PROBLEM DETAILS » What do the lines say from the start of the entries through the one containing "proof (rule that[of j], rule notI)"? Repeat them exactly.

SOURCE INFORMATION Start Marker

lemma Zzeta_not_dvd_all_powers:
  assumes p: "prime p" and q: "q > 1" and x: "x \<in> Zzeta p" "x \<noteq> 0"
  obtains j where "\<not> Zzeta_dvd p (of_nat q ^ j) x"
proof -
  have p1: "p > 1" using p prime_gt_1_nat by blast
  obtain R where R: "x = poly (map_poly of_int R) (zeta p)" "degree R < p - 1"
    using Zzeta_reduced_poly[OF p1 x(1)] by blast
  have "R \<noteq> 0" using R(1) x(2) by auto
  define c where "c = lead_coeff R"
  have "c \<noteq> 0" using \<open>R \<noteq> 0\<close> by (simp add: c_def)
  define j where "j = nat \<bar>c\<bar>"
  have "j < 2 ^ j" by (rule less_exp)
  also have "\<dots> \<le> q ^ j" using q by (intro power_mono) simp_all
  finally have j: "int j < int q ^ j" by (simp flip: of_nat_power)
  show ?thesis
  proof (rule that[of j], rule notI)
    assume "Zzeta_dvd p (of_nat q ^ j) x"
    then obtain w where w: "w \<in> Zzeta p" "x = of_nat q ^ j * w"
      unfolding Zzeta_dvd_def by blast
    obtain S where S: "w = poly (map_poly of_int S) (zeta p)" "degree S < p - 1"
      using Zzeta_reduced_poly[OF p1 w(1)] by blast
    define D where "D = R - smult (int q ^ j) S"
    have "poly (map_poly of_int D) (zeta p) = 0"
      using w(2) by (simp add: D_def map_poly_of_int_simps R(1) S(1))
    moreover have "degree D < p - 1"
      unfolding D_def using R(2) S(2) degree_smult_le le_less_trans
      by (intro degree_diff_less) blast+
    ultimately have "D = 0"
      using degree_ge_if_zeta_root[OF p] by (meson not_le)
    hence "c = int q ^ j * coeff S (degree R)"
      by (simp add: D_def c_def)
    hence "\<bar>int q ^ j\<bar> \<le> \<bar>c\<bar>"
      using \<open>c \<noteq> 0\<close> by (intro dvd_imp_le_int) auto
    thus False using j by (simp add: j_def)
  qed
qed
(* Let $|\Psi^{\mathrm h}_0\rangle$ and $|\Psi^{\mathrm c}_0\rangle$ be two initial states with $p^{\mathrm h}_0(0)>0$ and $p^{\mathrm c}_0(0)>0$, and suppose $|\Psi^{\mathrm h}_0\rangle$ is hotter than $|\Psi^{\mathrm c}_0\rangle$ with respect to $D_f$, i.e. $D_f^{\mathrm h}(0)>D_f^{\mathrm c}(0)$. Let $i\in\{1,\dots,n-1\}$ be the smallest index such that $\frac{p^{\mathrm h}_i(0)}{p^{\mathrm h}_0(0)}\neq\frac{p^{\mathrm c}_i(0)}{p^{\mathrm c}_0(0)}$ (such an index exists under the hypotheses). Then the Mpemba effect occurs for this pair (with respect to $D_f$) if and only if $$\frac{p^{\mathrm h}_i(0)}{p^{\mathrm h}_0(0)}<\frac{p^{\mathrm c}_i(0)}{p^{\mathrm c}_0(0)}.$$
   Context: Let $H$ be a Hamiltonian on an $n$-dimensional Hilbert space with nondegenerate eigenvalues $0=E_0<E_1<\dots<E_{n-1}$ and orthonormal eigenvectors $|E_0\rangle,\dots,|E_{n-1}\rangle$. For a pure initial state $|\Psi_0\rangle$ and real $\tau$, quantum imaginary-time evolution (QITE) is $|\Psi(\tau)\rangle=e^{-H\tau}|\Psi_0\rangle/\sqrt{\langle\Psi_0|e^{-2H\tau}|\Psi_0\rangle}$. The populations are $p_i(\tau)=|\langle E_i|\Psi(\tau)\rangle|^2$, so that $p_i(\tau)=p_i(0)e^{-2E_i\tau}/\sum_{j=0}^{n-1}p_j(0)e^{-2E_j\tau}$. Fix a nondecreasing function $f:\mathbb R\to\mathbb R$ with $f(E_1)>f(E_0)=0$, and define the distance to the ground state $D_f(\tau)=\sum_{i=0}^{n-1}p_i(\tau)f(E_i)$. Superscripts $\mathrm h$ and $\mathrm c$ denote quantities for the QITE trajectories starting from $|\Psi^{\mathrm h}_0\rangle$ and $|\Psi^{\mathrm c}_0\rangle$ respectively. Given $D_f^{\mathrm h}(0)>D_f^{\mathrm c}(0)$, the Mpemba effect occurs if there exists $\tau^\star>0$ such that $D_f^{\mathrm h}(\tau)<D_f^{\mathrm c}(\tau)$ for all $\tau>\tau^\star$. *)

theory Defs
  imports Complex_Main
begin

text \<open>A pure state is represented by its coordinates (amplitudes) in the orthonormal
  eigenbasis of H: psi i = <E_i|Psi_0>, for i < n.  The Hamiltonian is diagonal in this
  basis with eigenvalues E 0 < E 1 < ... < E (n-1).\<close>

definition qite_norm :: "nat \<Rightarrow> (nat \<Rightarrow> real) \<Rightarrow> (nat \<Rightarrow> complex) \<Rightarrow> real \<Rightarrow> real" where
  "qite_norm n E psi \<tau> = sqrt (\<Sum>j<n. exp (-2 * E j * \<tau>) * (cmod (psi j))\<^sup>2)"

text \<open>Amplitudes of the QITE state e^{-H tau}|Psi_0> / sqrt(<Psi_0|e^{-2 H tau}|Psi_0>).\<close>
definition qite :: "nat \<Rightarrow> (nat \<Rightarrow> real) \<Rightarrow> (nat \<Rightarrow> complex) \<Rightarrow> real \<Rightarrow> nat \<Rightarrow> complex" where
  "qite n E psi \<tau> i = complex_of_real (exp (- E i * \<tau>) / qite_norm n E psi \<tau>) * psi i"

definition pop :: "nat \<Rightarrow> (nat \<Rightarrow> real) \<Rightarrow> (nat \<Rightarrow> complex) \<Rightarrow> real \<Rightarrow> nat \<Rightarrow> real" where
  "pop n E psi \<tau> i = (cmod (qite n E psi \<tau> i))\<^sup>2"

definition Dist :: "nat \<Rightarrow> (nat \<Rightarrow> real) \<Rightarrow> (real \<Rightarrow> real) \<Rightarrow> (nat \<Rightarrow> complex) \<Rightarrow> real \<Rightarrow> real" where
  "Dist n E f psi \<tau> = (\<Sum>i<n. pop n E psi \<tau> i * f (E i))"

definition mpemba :: "nat \<Rightarrow> (nat \<Rightarrow> real) \<Rightarrow> (real \<Rightarrow> real) \<Rightarrow> (nat \<Rightarrow> complex) \<Rightarrow> (nat \<Rightarrow> complex) \<Rightarrow> bool" where
  "mpemba n E f psih psic \<longleftrightarrow>
     (\<exists>\<tau>s>0. \<forall>\<tau>>\<tau>s. Dist n E f psih \<tau> < Dist n E f psic \<tau>)"

end

theory Submission
  imports Defs
begin

(* With a_i = |<E_i|Psi_0>|^2 the initial populations, D^c_f(t) - D^h_f(t) has the sign of
     sum_{i,j} f(E_i) (a^c_i a^h_j - a^h_i a^c_j) exp(-2 (E_i + E_j) t).
   Terms with i = 0 vanish since f(E_0) = 0, and terms with i, j < k vanish since the two
   population vectors are proportional below the first index k at which the ratios a_i / a_0
   differ.  All remaining terms except (k, 0) decay strictly faster than exp(-2 E_k t), so for
   large t the sign is that of f(E_k) (a^c_k a^h_0 - a^h_k a^c_0), i.e. of the comparison of
   the ratios at k. *)

lemma exp_sum_tendsto_leading_coeff:
  fixes c r :: "'a \<Rightarrow> real"
  assumes "finite I" "i0 \<in> I" "r i0 = 0"
    and decay: "\<And>i. i \<in> I \<Longrightarrow> i \<noteq> i0 \<Longrightarrow> c i \<noteq> 0 \<Longrightarrow> r i > 0"
  shows "((\<lambda>t. \<Sum>i\<in>I. c i * exp (- r i * t)) \<longlongrightarrow> c i0) at_top"
proof -
  have term_limit: "((\<lambda>t. c i * exp (- r i * t)) \<longlongrightarrow> (if i = i0 then c i0 else 0)) at_top"
    if "i \<in> I" for i
  proof (cases "i = i0 \<or> c i = 0")
    case True
    then show ?thesis using assms(3) by auto
  next
    case False
    then have "r i > 0" using decay that by blast
    then have "filterlim (\<lambda>t. - r i * t) at_bot at_top"
      by (intro filterlim_tendsto_neg_mult_at_bot[OF tendsto_const _ filterlim_ident]) simp
    then have "((\<lambda>t. exp (- r i * t)) \<longlongrightarrow> 0) at_top"
      by (rule filterlim_compose[OF exp_at_bot])
    then show ?thesis using False tendsto_mult_right_zero by auto
  qed
  have "((\<lambda>t. \<Sum>i\<in>I. c i * exp (- r i * t)) \<longlongrightarrow> (\<Sum>i\<in>I. if i = i0 then c i0 else 0)) at_top"
    by (intro tendsto_sum term_limit)
  then show ?thesis using assms(1,2) by simp
qed

lemma eventually_pos_iff_limit_pos:
  fixes g :: "'a \<Rightarrow> real"
  assumes "(g \<longlongrightarrow> C) F" "F \<noteq> bot" "C \<noteq> 0"
  shows "eventually (\<lambda>x. 0 < g x) F \<longleftrightarrow> 0 < C"
proof
  assume pos: "eventually (\<lambda>x. 0 < g x) F"
  show "0 < C"
  proof (rule ccontr)
    assume "\<not> 0 < C"
    then have "eventually (\<lambda>x. g x < 0) F"
      using assms(1,3) by (intro order_tendstoD(2)) auto
    with pos have "eventually (\<lambda>x. False) F"
      by eventually_elim simp
    with assms(2) show False by simp
  qed
qed (use assms(1) order_tendstoD(1) in blast)
theorem theorem5:
  shows
  \<comment> \<open>Case K = real\<close>
  "(\<forall>(e :: nat \<Rightarrow> 'a::{real_inner,complete_space}) (e' :: nat \<Rightarrow> 'a) (p :: 'a \<Rightarrow> real) (F :: 'a \<Rightarrow> real).
      inj e \<and> inj e' \<and> range e \<inter> range e' = {} \<and>
      (\<forall>u\<in>range e \<union> range e'. \<forall>v\<in>range e \<union> range e'. inner u v = (if u = v then 1 else 0)) \<and>
      closure (span (range e \<union> range e')) = UNIV \<and>
      uniformly_continuous_on UNIV p \<and> (\<forall>x y. p (x + y) \<le> p x + p y) \<and> p 0 = 0 \<and>
      continuous_on (closure (span (range e))) F \<and> F 0 = 0 \<and>
      (\<forall>z1\<in>(\<Union>j. range (\<lambda>c. c *\<^sub>R e j)). \<forall>z2\<in>(\<Union>j. range (\<lambda>c. c *\<^sub>R e j)).
          inner z1 z2 = 0 \<longrightarrow> F z1 + F z2 \<le> p (z1 + z2))
      \<longrightarrow> (\<exists>Fh :: 'a \<Rightarrow> real. continuous_on UNIV Fh \<and>
            (\<forall>z\<in>closure (span (range e)). Fh z = F z) \<and>
            (\<forall>x1\<in>(\<Union>j. range (\<lambda>c. c *\<^sub>R e j)) \<union> (\<Union>i. range (\<lambda>c. c *\<^sub>R e' i)).
             \<forall>x2\<in>(\<Union>j. range (\<lambda>c. c *\<^sub>R e j)) \<union> (\<Union>i. range (\<lambda>c. c *\<^sub>R e' i)).
               inner x1 x2 = 0 \<longrightarrow> Fh x1 + Fh x2 \<le> p (x1 + x2))))
   \<and>
  \<comment> \<open>Case K = complex\<close>
   (\<forall>sc ip (e :: nat \<Rightarrow> 'b::{real_normed_vector,complete_space}) (e' :: nat \<Rightarrow> 'b) (p :: 'b \<Rightarrow> real) (F :: 'b \<Rightarrow> real).
      complex_hilbert sc ip \<and>
      inj e \<and> inj e' \<and> range e \<inter> range e' = {} \<and>
      (\<forall>u\<in>range e \<union> range e'. \<forall>v\<in>range e \<union> range e'. ip u v = (if u = v then 1 else 0)) \<and>
      closure (cspan sc (range e \<union> range e')) = UNIV \<and>
      uniformly_continuous_on UNIV p \<and> (\<forall>x y. p (x + y) \<le> p x + p y) \<and> p 0 = 0 \<and>
      continuous_on (closure (cspan sc (range e))) F \<and> F 0 = 0 \<and>
      (\<forall>z1\<in>(\<Union>j. range (\<lambda>c. sc c (e j))). \<forall>z2\<in>(\<Union>j. range (\<lambda>c. sc c (e j))).
          ip z1 z2 = 0 \<longrightarrow> F z1 + F z2 \<le> p (z1 + z2))
      \<longrightarrow> (\<exists>Fh :: 'b \<Rightarrow> real. continuous_on UNIV Fh \<and>
            (\<forall>z\<in>closure (cspan sc (range e)). Fh z = F z) \<and>
            (\<forall>x1\<in>(\<Union>j. range (\<lambda>c. sc c (e j))) \<union> (\<Union>i. range (\<lambda>c. sc c (e' i))).
             \<forall>x2\<in>(\<Union>j. range (\<lambda>c. sc c (e j))) \<union> (\<Union>i. range (\<lambda>c. sc c (e' i))).
               ip x1 x2 = 0 \<longrightarrow> Fh x1 + Fh x2 \<le> p (x1 + x2))))"
  by (intro conjI allI impI; elim conjE;
      rule extension_real_hilbert extension_complex_hilbert; assumption)

end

SOURCE INFORMATION End Marker

TASK SOLUTION »
lemma Zzeta_not_dvd_all_powers:
  assumes p: "prime p" and q: "q > 1" and x: "x \<in> Zzeta p" "x \<noteq> 0"
  obtains j where "\<not> Zzeta_dvd p (of_nat q ^ j) x"
proof -
  have p1: "p > 1" using p prime_gt_1_nat by blast
  obtain R where R: "x = poly (map_poly of_int R) (zeta p)" "degree R < p - 1"
    using Zzeta_reduced_poly[OF p1 x(1)] by blast
  have "R \<noteq> 0" using R(1) x(2) by auto
  define c where "c = lead_coeff R"
  have "c \<noteq> 0" using \<open>R \<noteq> 0\<close> by (simp add: c_def)
  define j where "j = nat \<bar>c\<bar>"
  have "j < 2 ^ j" by (rule less_exp)
  also have "\<dots> \<le> q ^ j" using q by (intro power_mono) simp_all
  finally have j: "int j < int q ^ j" by (simp flip: of_nat_power)
  show ?thesis
  proof (rule that[of j], rule notI)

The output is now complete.